HHS Secretary Alex Azar said the agency is exploring cracking down on a practice insurance plans use to make a patient start over on step therapy if they switch insurance plans.
Azar’s comments before the American Medical Association’s Advocacy Conference in Washington on Tuesday comes as the agency is proposing allowing Medicare Advantage plans to apply step therapy and prior authorization to drugs sold in Medicare Part B and Part D. The practice has opposition from some patient groups who fear that the tools hinder patient access.
Azar said he was “disturbed to hear” of patients switching from one insurance plan to the next can be required to start over for a step therapy or “fail-first” regimen, but didn’t say how prevalent the practice is in commercial plans. Step therapy and prior authorization require a patient to try a cheaper drug before moving on to a more expensive drug.
Under the practice, a patient would have to start over on step therapy if they switch an insurance plan, even if the cheaper drug doesn’t work.
“This is not just injurious to [the patient’s] health, it is also penny wise and pound foolish,” Azar said.
Azar didn’t say specifically if a regulation was in the works on the practice for Medicare plans.

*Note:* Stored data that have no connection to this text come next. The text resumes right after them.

lemma reachable_from_max_stable_if_dominates_orientation:
  assumes "0 < p" and "p < 1" and "1 \<le> n" and "stable m n c" and "config_wf m n c"
    and "dominates_orientation m n c E"
  shows "(chain_step p m n)\<^sup>*\<^sup>* (max_stable m n) c"
proof -
  have E: "E \<subseteq> {1..m} \<times> {1..n}" using assms(6) unfolding dominates_orientation_def by blast
  have rows_nonempty: "\<forall>i\<in>{1..m}. \<exists>j. (i, j) \<in> E"
  proof
    fix i assume "i \<in> {1..m}"
    have "n - card {j. (i, j) \<in> E} < n"
      using assms(4,6) \<open>i \<in> {1..m}\<close> unfolding dominates_orientation_iff stable_def
      by (meson le_less_trans)
    then show "\<exists>j. (i, j) \<in> E" by (metis card.empty diff_zero empty_Collect_eq less_irrefl)
  qed
  have "(chain_step p m n)\<^sup>*\<^sup>* (max_stable m n) (indeg_config m n E)"
    by (rule chain_steps_max_stable_indeg_config[OF assms(1-3) E rows_nonempty])
  also have "(chain_step p m n)\<^sup>*\<^sup>* (indeg_config m n E) c"
  proof (rule chain_steps_if_le[OF _ assms(4) _ assms(5)])
    show "stable m n (indeg_config m n E)" using stable_indeg_config[OF E rows_nonempty] .
    show "config_wf m n (indeg_config m n E)" unfolding config_wf_def indeg_config_def by auto
    show "indeg_config m n E \<le> c" using assms(6) unfolding dominates_orientation_def by blast
  qed
  finally show ?thesis .
qed

theorem theorem2p2:
  fixes m n :: nat and p :: real and c :: config
  assumes "n \<ge> 1" and "0 < p" and "p < 1"
    and "config_wf m n c" and "stable m n c"
  shows "(stoch_recurrent p m n c \<longleftrightarrow>
           (\<forall>j\<in>{1..n}. sum_list (take j (sorted_bottom n c)) \<ge> (\<Sum>l=1..j. kcount m c l)))
       \<and> (stoch_recurrent p m n c \<longrightarrow>
           level m n c = int (\<Sum>j=1..n. snd c j) - int (\<Sum>l=1..n. kcount m c l))"
proof (intro conjI impI)
  have "stoch_recurrent p m n c \<longleftrightarrow> (chain_step p m n)\<^sup>*\<^sup>* (max_stable m n) c"
    using stoch_recurrent_iff_reachable_from_max_stable assms(1,4,5) by blast
  also have "\<dots> \<longleftrightarrow> (\<exists>E. dominates_orientation m n c E)"
    using ex_dominated_orientation_if_reachable_from_max_stable
      reachable_from_max_stable_if_dominates_orientation assms by blast
  also have "\<dots> \<longleftrightarrow> bottom_sum_condition m n c"
    by (rule ex_dominated_orientation_iff_bottom_sum_condition)
  also have "\<dots> \<longleftrightarrow> (\<forall>j\<in>{1..n}. (\<Sum>l=1..j. kcount m c l) \<le> sum_list (take j (sorted_bottom n c)))"
    by (rule sorted_prefix_condition_iff_bottom_sum_condition[symmetric])
  finally show "stoch_recurrent p m n c \<longleftrightarrow>
      (\<forall>j\<in>{1..n}. sum_list (take j (sorted_bottom n c)) \<ge> (\<Sum>l=1..j. kcount m c l))" .
  show "level m n c = int (\<Sum>j=1..n. snd c j) - int (\<Sum>l=1..n. kcount m c l)"
    using level_eq_sum_kcount[OF assms(5)] .
qed

end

“We are looking at how we can address that issue now and we would greatly appreciate you bringing to our attention other issues and things like that,” he told the room of physicians.
But Azar defended the agency’s move to implement step therapy and prior authorization for Medicare Part B, saying that such negotiation tools are already available in private plans.
“Bringing down these costs without blunt restrictions on patient access has got to involve pitting drug companies against each other and that means giving drug plans some power to steer patients towards one option before another,” he said. “Any talk about lowering drug prices in Part D without pitting drugmakers against each other is really just hot air and empty promise.”
Azar also pushed physicians to get more involved in a value-based system of care. He mentioned work this year on reforming and updating several regulations such as the Stark Law and care coordination around HIPAA. The administration is also requiring accountable care organizations to take on more risk in order to get payments for value-based care.
“We are very open-minded about what kinds of regulations need to be re-examined to give you das physicians on the front lines the freedom to deliver better value in our healthcare system,” he said.
HHS wants to enable providers to join a value-based system from “direct contracting for primary care to incentive payments to smaller practices, all the way up to large provider networks and hospitals taking on full risk,” Azar said.
He added that the more risk a doctor or hospital takes on, the less they will hear from HHS.
“The more risk that you as providers are willing to accept for driving better outcomes, the less we are going to micromanage how you do your work,” Azar said. “We are going to be clear about what we want, but we are not going to dictate how.”